Even if NNtrainer runs on device, it provides full functionalities to train models and also utilizes limited device resources efficiently. NNTrainer is able to train various machine learning algorithms such as k-Nearest Neighbor (k-NN), Neural Networks, Logistic Regression, Reinforcement Learning algorithms, Recurrent network and more. We also provide examples for various tasks such as Few-shot learning, ResNet, VGG, Product Rating and more will be added. All of these were tested on Samsung Galaxy smart phone with Android and PC (Ubuntu 18.04/20.04).
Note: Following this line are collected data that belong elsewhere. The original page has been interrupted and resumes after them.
lemma sum_card_leaves_in:
  assumes "i < d" "finite B"
  shows "(\<Sum>j<d. card (leaves_in B i j)) \<le> card B"
proof -
  have "(\<Sum>j<d. card (leaves_in B i j)) = card (SIGMA j:{..<d}. leaves_in B i j)"
    by (rule card_SigmaI[symmetric]) (auto simp: leaves_in_def)
  also have "\<dots> \<le> card B"
  proof (rule card_inj_on_le[OF _ _ assms(2)])
    show "inj_on (\<lambda>(j, l). f [i, j, l]) (SIGMA j:{..<d}. leaves_in B i j)"
      by (rule inj_on_subset[OF leaves_inj[OF assms(1)]]) (auto simp: leaves_in_def)
  qed (auto simp: leaves_in_def)
  finally show ?thesis .
qed

text \<open>Two distinct leaves have at most one common parent, so the pairs of elements of \<open>B\<close> lying
  below a common grandchild are distinct for distinct grandchildren.\<close>
lemma sum_choose2_leaves_in:
  assumes "finite B"
  shows "(\<Sum>i<d. \<Sum>j<d. card (leaves_in B i j) choose 2) \<le> card B choose 2"
proof -
  define pairs_in where "pairs_in A = {e. e \<subseteq> A \<and> card e = 2}" for A :: "nat set"
  define N where "N ij = (\<lambda>l. f [fst ij, snd ij, l]) ` leaves_in B (fst ij) (snd ij)" for ij
  have card_N: "card (N (i, j)) = card (leaves_in B i j)" if "i < d" "j < d" for i j
  proof -
    have "inj_on (\<lambda>l. f [i, j, l]) {..<d}" using children_inj[of "[i, j]"] that by simp
    then show ?thesis
      unfolding N_def fst_conv snd_conv by (intro card_image inj_on_subset[OF _ leaves_in_subset])
  qed
  have N_leaves: "N (i, j) \<subseteq> (\<lambda>l. f [i, j, l]) ` {..<d}" for i j
    unfolding N_def by (simp add: image_mono leaves_in_subset)
  have N_sub: "N ij \<subseteq> B" for ij by (auto simp: N_def leaves_in_def)
  then have fin_N: "finite (N ij)" for ij using assms finite_subset by blast
  have "(\<Sum>i<d. \<Sum>j<d. card (leaves_in B i j) choose 2) = (\<Sum>ij\<in>{..<d} \<times> {..<d}. card (pairs_in (N ij)))"
    unfolding sum.cartesian_product pairs_in_def
    by (intro sum.cong refl) (auto simp: n_subsets fin_N card_N)
  also have "\<dots> = card (SIGMA ij:{..<d} \<times> {..<d}. pairs_in (N ij))"
    by (rule card_SigmaI[symmetric]) (auto simp: pairs_in_def fin_N)
  also have "\<dots> \<le> card (pairs_in B)"
  proof (rule card_inj_on_le)
    show "snd ` (SIGMA ij:{..<d} \<times> {..<d}. pairs_in (N ij)) \<subseteq> pairs_in B"
      using N_sub by (force simp: pairs_in_def)
    show "finite (pairs_in B)" using assms by (simp add: pairs_in_def)
    show "inj_on snd (SIGMA ij:{..<d} \<times> {..<d}. pairs_in (N ij))"
    proof (rule inj_onI, clarsimp simp: pairs_in_def)
      fix i j i' j' e
      assume ij: "i < d" "j < d" "i' < d" "j' < d"
        and e: "e \<subseteq> N (i, j)" "e \<subseteq> N (i', j')" "card e = 2"
      then obtain x y where xy: "e = {x, y}" "x \<noteq> y" by (meson card_2_iff)
      show "i = i' \<and> j = j'"
        using leaf_pair_determines_grandchild[OF ij xy(2)]
          subset_trans[OF e(1) N_leaves] subset_trans[OF e(2) N_leaves]
        unfolding xy(1) by blast
    qed
  qed
  also have "card (pairs_in B) = card B choose 2"
    using assms by (simp add: pairs_in_def n_subsets)
  finally show ?thesis .
qed

lemma pair_weight_nonneg: "0 \<le> pair_weight B i j"
  unfolding pair_weight_def seed_prob_given_def using p_nonneg by (intro sum_nonneg) auto

lemma pair_weight_le:
  fixes B i j
  defines "m \<equiv> card (leaves_in B i j)"
  shows "pair_weight B i j \<le> (real d * p)\<^sup>2 / 2 + real d * p * m + real (m choose 2)"
proof -
  have "m \<le> d" unfolding m_def using card_mono[OF finite_lessThan leaves_in_subset] by simp
  define k where "k = real (d - m)"
  have k: "0 \<le> k" "k \<le> real d" unfolding k_def by simp_all
  have "k * (k - 1) \<le> k * k" using k(1) by (simp add: mult_left_mono)
  also have "\<dots> \<le> real d * real d" using mult_mono[OF k(2) k(2)] k(1) by simp
  finally have quadratic: "k * (k - 1) * p\<^sup>2 \<le> real d * real d * p\<^sup>2" by (simp add: mult_right_mono)
  have linear: "real m * k * 1 * p \<le> real d * p * m"
    using mult_right_mono[OF k(2), of "real m * p"] p_nonneg by (simp add: mult_ac)
  have "pair_weight B i j = real m * (real m - 1) / 2 * 1\<^sup>2 + real m * k * 1 * p + k * (k - 1) / 2 * p\<^sup>2"
    unfolding pair_weight_eq_esym2 esym2_def m_def k_def ..
  moreover have "real m * (real m - 1) / 2 * 1\<^sup>2 = real (m choose 2)" by (simp add: real_choose_two)
  moreover have "(real d * p)\<^sup>2 = real d * real d * p\<^sup>2" by (simp add: power2_eq_square)
  moreover have "k * (k - 1) / 2 * p\<^sup>2 = k * (k - 1) * p\<^sup>2 / 2" by simp
  ultimately show ?thesis using quadratic linear by linarith
qed

lemma sum_pair_weight_le:
  assumes "i < d" "finite B" "card B \<le> 4"
  shows "(\<Sum>j<d. pair_weight B i j) \<le> overlap_base d p + (\<Sum>j<d. real (card (leaves_in B i j) choose 2))"
proof -
  have "(\<Sum>j<d. pair_weight B i j)
      \<le> (\<Sum>j<d. (real d * p)\<^sup>2 / 2 + real d * p * card (leaves_in B i j) + real (card (leaves_in B i j) choose 2))"
    by (intro sum_mono pair_weight_le)
  also have "\<dots> = real d * (real d * p)\<^sup>2 / 2 + real d * p * (\<Sum>j<d. card (leaves_in B i j))
      + (\<Sum>j<d. real (card (leaves_in B i j) choose 2))"
    by (simp add: sum.distrib sum_distrib_left)
  also have "\<dots> \<le> overlap_base d p + (\<Sum>j<d. real (card (leaves_in B i j) choose 2))"
  proof -
    have "real (\<Sum>j<d. card (leaves_in B i j)) \<le> 4"
      using sum_card_leaves_in[OF assms(1,2)] assms(3) by linarith
    then have "real d * p * real (\<Sum>j<d. card (leaves_in B i j)) \<le> real d * p * 4"
      using p_nonneg by (intro mult_left_mono) auto
    then show ?thesis by (simp add: overlap_base_def)
  qed
  finally show ?thesis .
qed

lemma sum_pair_products_le:
  assumes "finite B" "card B = 4"
  shows "(\<Sum>i<d. \<Sum>(a, b)\<in>pairs d. pair_weight B i a * pair_weight B i b) \<le> cross_overlap d p"
proof -
  let ?c = "overlap_base d p"
  define K where "K i = (\<Sum>j<d. real (card (leaves_in B i j) choose 2))" for i
  have K_nonneg: "0 \<le> K i" for i unfolding K_def by (simp add: sum_nonneg)
  have sum_K: "(\<Sum>i<d. K i) \<le> 6"
    using sum_choose2_leaves_in[OF assms(1)] assms(2) unfolding K_def
    by (simp add: choose_two flip: of_nat_sum)
  have K_le: "K i \<le> 6" if "i < d" for i
    using sum_K member_le_sum[of i "{..<d}" K] K_nonneg that by fastforce
  have c_nonneg: "0 \<le> ?c" using p_nonneg by (simp add: overlap_base_def)
  have "(\<Sum>(a, b)\<in>pairs d. pair_weight B i a * pair_weight B i b) \<le> (?c + K i)\<^sup>2 / 2" if "i < d" for i
  proof -
    have "(\<Sum>(a, b)\<in>pairs d. pair_weight B i a * pair_weight B i b) \<le> (\<Sum>j<d. pair_weight B i j)\<^sup>2 / 2"
      by (rule sum_pairs_product_le) (rule pair_weight_nonneg)
    also have "\<dots> \<le> (?c + K i)\<^sup>2 / 2"
      using sum_pair_weight_le[OF that assms(1)] assms(2) pair_weight_nonneg
      by (simp add: K_def power_mono sum_nonneg)
    finally show ?thesis .
  qed
  then have "(\<Sum>i<d. \<Sum>(a, b)\<in>pairs d. pair_weight B i a * pair_weight B i b) \<le> (\<Sum>i<d. (?c + K i)\<^sup>2 / 2)"
    by (intro sum_mono) simp
  also have "\<dots> \<le> (\<Sum>i<d. (?c\<^sup>2 + 2 * ?c * K i + 6 * K i) / 2)"
  proof (intro sum_mono divide_right_mono)
    fix i assume "i \<in> {..<d}"
    then have "K i * K i \<le> 6 * K i" using mult_right_mono[OF K_le K_nonneg] by simp
    moreover have "(?c + K i)\<^sup>2 = ?c\<^sup>2 + 2 * ?c * K i + K i * K i" by (simp add: power2_eq_square algebra_simps)
    ultimately show "(?c + K i)\<^sup>2 \<le> ?c\<^sup>2 + 2 * ?c * K i + 6 * K i" by linarith
  qed simp
  also have "\<dots> = (\<Sum>i<d. ?c\<^sup>2 / 2 + (?c + 3) * K i)"
    by (intro sum.cong) (simp_all add: field_simps)
  also have "\<dots> = real d * ?c\<^sup>2 / 2 + (?c + 3) * (\<Sum>i<d. K i)"
    by (simp add: sum.distrib sum_distrib_left)
  also have "\<dots> \<le> real d * ?c\<^sup>2 / 2 + (?c + 3) * 6"
    using sum_K c_nonneg by (intro add_left_mono mult_left_mono) auto
  also have "\<dots> = cross_overlap d p"
    by (simp add: cross_overlap_def field_simps)
  finally show ?thesis .
qed

lemma expect_witnessed_children_sq:
  "expect (\<lambda>S. (real (witnessed_children S))\<^sup>2) \<le> real d * (p ^ 4 * card (witnesses d)) * cross_overlap d p"
proof -
  let ?W = "witnesses d" and ?L = witness_leaves
  have "(real (witnessed_children S))\<^sup>2 \<le> (\<Sum>i<d. \<Sum>i'<d. witness_count i S * witness_count i' S)" for S
  proof -
    have "(real (witnessed_children S))\<^sup>2 = (\<Sum>i<d. \<Sum>i'<d. of_bool (has_witness i S) * of_bool (has_witness i' S))"
      unfolding real_witnessed_children power2_eq_square sum_product ..
    also have "\<dots> \<le> (\<Sum>i<d. \<Sum>i'<d. witness_count i S * witness_count i' S)"
      by (intro sum_mono mult_mono has_witness_le_witness_count witness_count_nonneg) auto
    finally show ?thesis .
  qed
  then have "expect (\<lambda>S. (real (witnessed_children S))\<^sup>2)
      \<le> expect (\<lambda>S. \<Sum>i<d. \<Sum>i'<d. witness_count i S * witness_count i' S)"
    by (intro seed_expectation_mono[OF p_nonneg p_le_1])
  also have "\<dots> = (\<Sum>i<d. \<Sum>i'<d. expect (\<lambda>S. witness_count i S * witness_count i' S))"
    by (simp only: seed_expectation_sum)
  also have "\<dots> = (\<Sum>i<d. \<Sum>w\<in>?W. \<Sum>i'<d. \<Sum>w'\<in>?W. p ^ card (?L i w \<union> ?L i' w'))"
    by (intro sum.cong refl) (simp add: expect_witness_count_product sum.swap[of _ "{..<d}"])
  also have "\<dots> = (\<Sum>i<d. \<Sum>w\<in>?W. p ^ 4 * (\<Sum>i'<d. \<Sum>(a, b)\<in>pairs d. pair_weight (?L i w) i' a * pair_weight (?L i w) i' b))"
    by (intro sum.cong refl)
      (simp add: sum_distrib_left sum_witnesses_overlap card_witness_leaves)
  also have "\<dots> \<le> (\<Sum>i<d. \<Sum>w\<in>?W. p ^ 4 * cross_overlap d p)"
    using p_nonneg card_witness_leaves
    by (intro sum_mono mult_left_mono sum_pair_products_le) auto
  also have "\<dots> = real d * (p ^ 4 * card ?W) * cross_overlap d p"
    by simp
  finally show ?thesis .
qed

lemma expect_witnessed_children_ge:
  "real d * (p ^ 4 * card (witnesses d)) / self_overlap d p \<le> expect (\<lambda>S. real (witnessed_children S))"
proof -
  have Q: "0 < self_overlap d p" using one_le_self_overlap[OF p_nonneg, of d] by linarith
  have "real d * (p ^ 4 * card (witnesses d)) / self_overlap d p
      = (\<Sum>i<d. p ^ 4 * card (witnesses d) / self_overlap d p)"
    by simp
  also have "\<dots> \<le> (\<Sum>i<d. expect (\<lambda>S. of_bool (has_witness i S)))"
    using witnessed_child_prob Q by (intro sum_mono) (simp add: divide_le_eq mult.commute)
  also have "\<dots> = expect (\<lambda>S. real (witnessed_children S))"
    unfolding real_witnessed_children seed_expectation_sum ..
  finally show ?thesis .
qed

lemma half_le_prob_activated:
  assumes "1 \<le> real d * (p ^ 4 * card (witnesses d)) / self_overlap d p"
    and "real d * (p ^ 4 * card (witnesses d)) * cross_overlap d p
      \<le> 2 * (real d * (p ^ 4 * card (witnesses d)) / self_overlap d p - 1)\<^sup>2"
  shows "1 / 2 \<le> prob_activated V E p v"
proof -
  let ?\<mu> = "real d * (p ^ 4 * card (witnesses d))" and ?Q = "self_overlap d p" and ?U = "cross_overlap d p"
  let ?EZ = "expect (\<lambda>S. real (witnessed_children S))"
  let ?P2 = "expect (\<lambda>S. of_bool (2 \<le> witnessed_children S))"
  have P2_nonneg: "0 \<le> ?P2" by (rule seed_expectation_nonneg[OF p_nonneg p_le_1]) simp
  have "0 < ?\<mu>" using assms(1) one_le_self_overlap[OF p_nonneg]
    by (smt (verit) divide_le_0_iff)
  then have \<mu>U: "0 < ?\<mu> * ?U" using cross_overlap_pos[OF p_nonneg] by simp
  have EZ: "?\<mu> / ?Q \<le> ?EZ" by (rule expect_witnessed_children_ge)
  have "(?\<mu> / ?Q - 1)\<^sup>2 \<le> (?EZ - 1)\<^sup>2"
    using EZ assms(1) by (intro power_mono) auto
  also have "\<dots> \<le> expect (\<lambda>S. (real (witnessed_children S))\<^sup>2) * ?P2"
    using EZ assms(1) by (intro seed_expectation_at_least_two[OF finite_V p_nonneg p_le_1]) auto
  also have "\<dots> \<le> ?\<mu> * ?U * ?P2"
    using expect_witnessed_children_sq P2_nonneg by (intro mult_right_mono) auto
  finally have "?\<mu> * ?U * 1 \<le> ?\<mu> * ?U * (2 * ?P2)" using assms(2) by simp
  then have "1 / 2 \<le> ?P2" using \<mu>U by (simp only: mult_le_cancel_left_pos)
  also have "?P2 \<le> prob_activated V E p v"
    unfolding prob_activated_eq_seed_expectation
    using activated_if_two_witnessed by (intro seed_expectation_mono[OF p_nonneg p_le_1]) simp
  finally show ?thesis .
qed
A New Frontier of AI: On-Device AI Training and Personalization , ICSE-SEIP, 2024
NNTrainer: Light-Weight On-Device Training Framework , arXiv, 2022
Open Source On-Device AI SW Platform , Samsung Developer Conference 2023 (Korean)
NNTrainer: Personalize neural networks on devices! , Samsung Developer Conference 2021
NNTrainer: "On-device learning" , Samsung AI Forum 2021
| Tizen | Ubuntu | Android/NDK Build | |
|---|---|---|---|
| 6.0M2 and later | 18.04 | 9/P | |
| arm | Available | Ready | |
| arm64 | Available | ||
| x64 | Ready | ||
| x86 | N/A | N/A | |
| Publish | Tizen Repo | PPA | |
| API | C (Official) | C/C++ | C/C++ |
- Ready: CI system ensures build-ability and unit-testing. Users may easily build and execute. However, we do not have automated release & deployment system for this instance.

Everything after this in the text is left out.